(* Let $q\geq0$ be an integer. Suppose $S_N$ admits the weak global Edgeworth expansion of order $r$ for $f\in F^{q+1}_r$. If each polynomial $P_{p,g}$ in the weak global expansion has the same parity as $p$, then $S_N$ admits the weak local Edgeworth expansion of order $r-1$ for $f$.
   Context: $X_1,X_2,\dots$ are real random variables, $S_N=\sum_{n=1}^NX_n$, $A\in\mathbb{R}$, $\sigma^2>0$, $\mathfrak{n}(y)=\frac{1}{\sqrt{2\pi\sigma^2}}e^{-y^2/(2\sigma^2)}$. "$\|f\|\,o(N^{-a})$" denotes a quantity bounded by $\|f\|\,\varepsilon_N N^{-a}$ with $\varepsilon_N\to0$ independent of $f$; the norm on $F^m_k$ is $C^m_k$. Weak global expansion of order $r$ for $f\in F^{q+1}_r$: polynomials $P_{0,g},\dots,P_{r,g}$ independent of $f$ with $\mathbb{E}(f(S_N-NA))=\sum_{p=0}^rN^{-p/2}\int P_{p,g}(z)\mathfrak{n}(z)f(z\sqrt N)\,dz+\|f\|\,o(N^{-(r+1)/2})$. Weak local expansion of order $r-1$: polynomials $P_{0,l},\dots,P_{\lfloor (r-1)/2\rfloor,l}$ independent of $f$ with $\sqrt N\,\mathbb{E}(f(S_N-NA))=\frac1{2\pi}\sum_{p=0}^{\lfloor (r-1)/2\rfloor}N^{-p}\int P_{p,l}(z)f(z)\,dz+\|f\|\,o(N^{-(r-1)/2})$. $F^m_k$: $m$ times continuously differentiable $f$ with $C^m_k(f)=\max_{0\le j\le m}\|f^{(j)}\|_{L^1}+\max_{0\le j\le k}\|x^jf\|_{L^1}<\infty$. *)

theory Defs
  imports "HOL-Probability.Probability" "HOL-Computational_Algebra.Polynomial"
begin

definition gauss_dens :: "real \<Rightarrow> real \<Rightarrow> real" where
  "gauss_dens s2 y = 1 / sqrt (2 * pi * s2) * exp (- (y ^ 2) / (2 * s2))"

definition Cm_diff :: "nat \<Rightarrow> (real \<Rightarrow> real) \<Rightarrow> bool" where
  "Cm_diff m f \<longleftrightarrow> (\<forall>j<m. \<forall>x. ((deriv ^^ j) f) differentiable (at x))
                     \<and> continuous_on UNIV ((deriv ^^ m) f)"

definition F_class :: "nat \<Rightarrow> nat \<Rightarrow> (real \<Rightarrow> real) \<Rightarrow> bool" where
  "F_class m k f \<longleftrightarrow> Cm_diff m f
     \<and> (\<forall>j\<le>m. integrable lborel ((deriv ^^ j) f))
     \<and> (\<forall>j\<le>k. integrable lborel (\<lambda>x. x ^ j * f x))"

definition C_norm :: "nat \<Rightarrow> nat \<Rightarrow> (real \<Rightarrow> real) \<Rightarrow> real" where
  "C_norm m k f =
     Max ((\<lambda>j. \<integral>x. \<bar>(deriv ^^ j) f x\<bar> \<partial>lborel) ` {0..m})
   + Max ((\<lambda>j. \<integral>x. \<bar>x ^ j * f x\<bar> \<partial>lborel) ` {0..k})"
##############################
#### [Prompt]
Looking at the entries above, copy out every line in which "where" occurs.

#### [Result]
definition gauss_dens :: "real \<Rightarrow> real \<Rightarrow> real" where
definition Cm_diff :: "nat \<Rightarrow> (real \<Rightarrow> real) \<Rightarrow> bool" where
definition F_class :: "nat \<Rightarrow> nat \<Rightarrow> (real \<Rightarrow> real) \<Rightarrow> bool" where
definition C_norm :: "nat \<Rightarrow> nat \<Rightarrow> (real \<Rightarrow> real) \<Rightarrow> real" where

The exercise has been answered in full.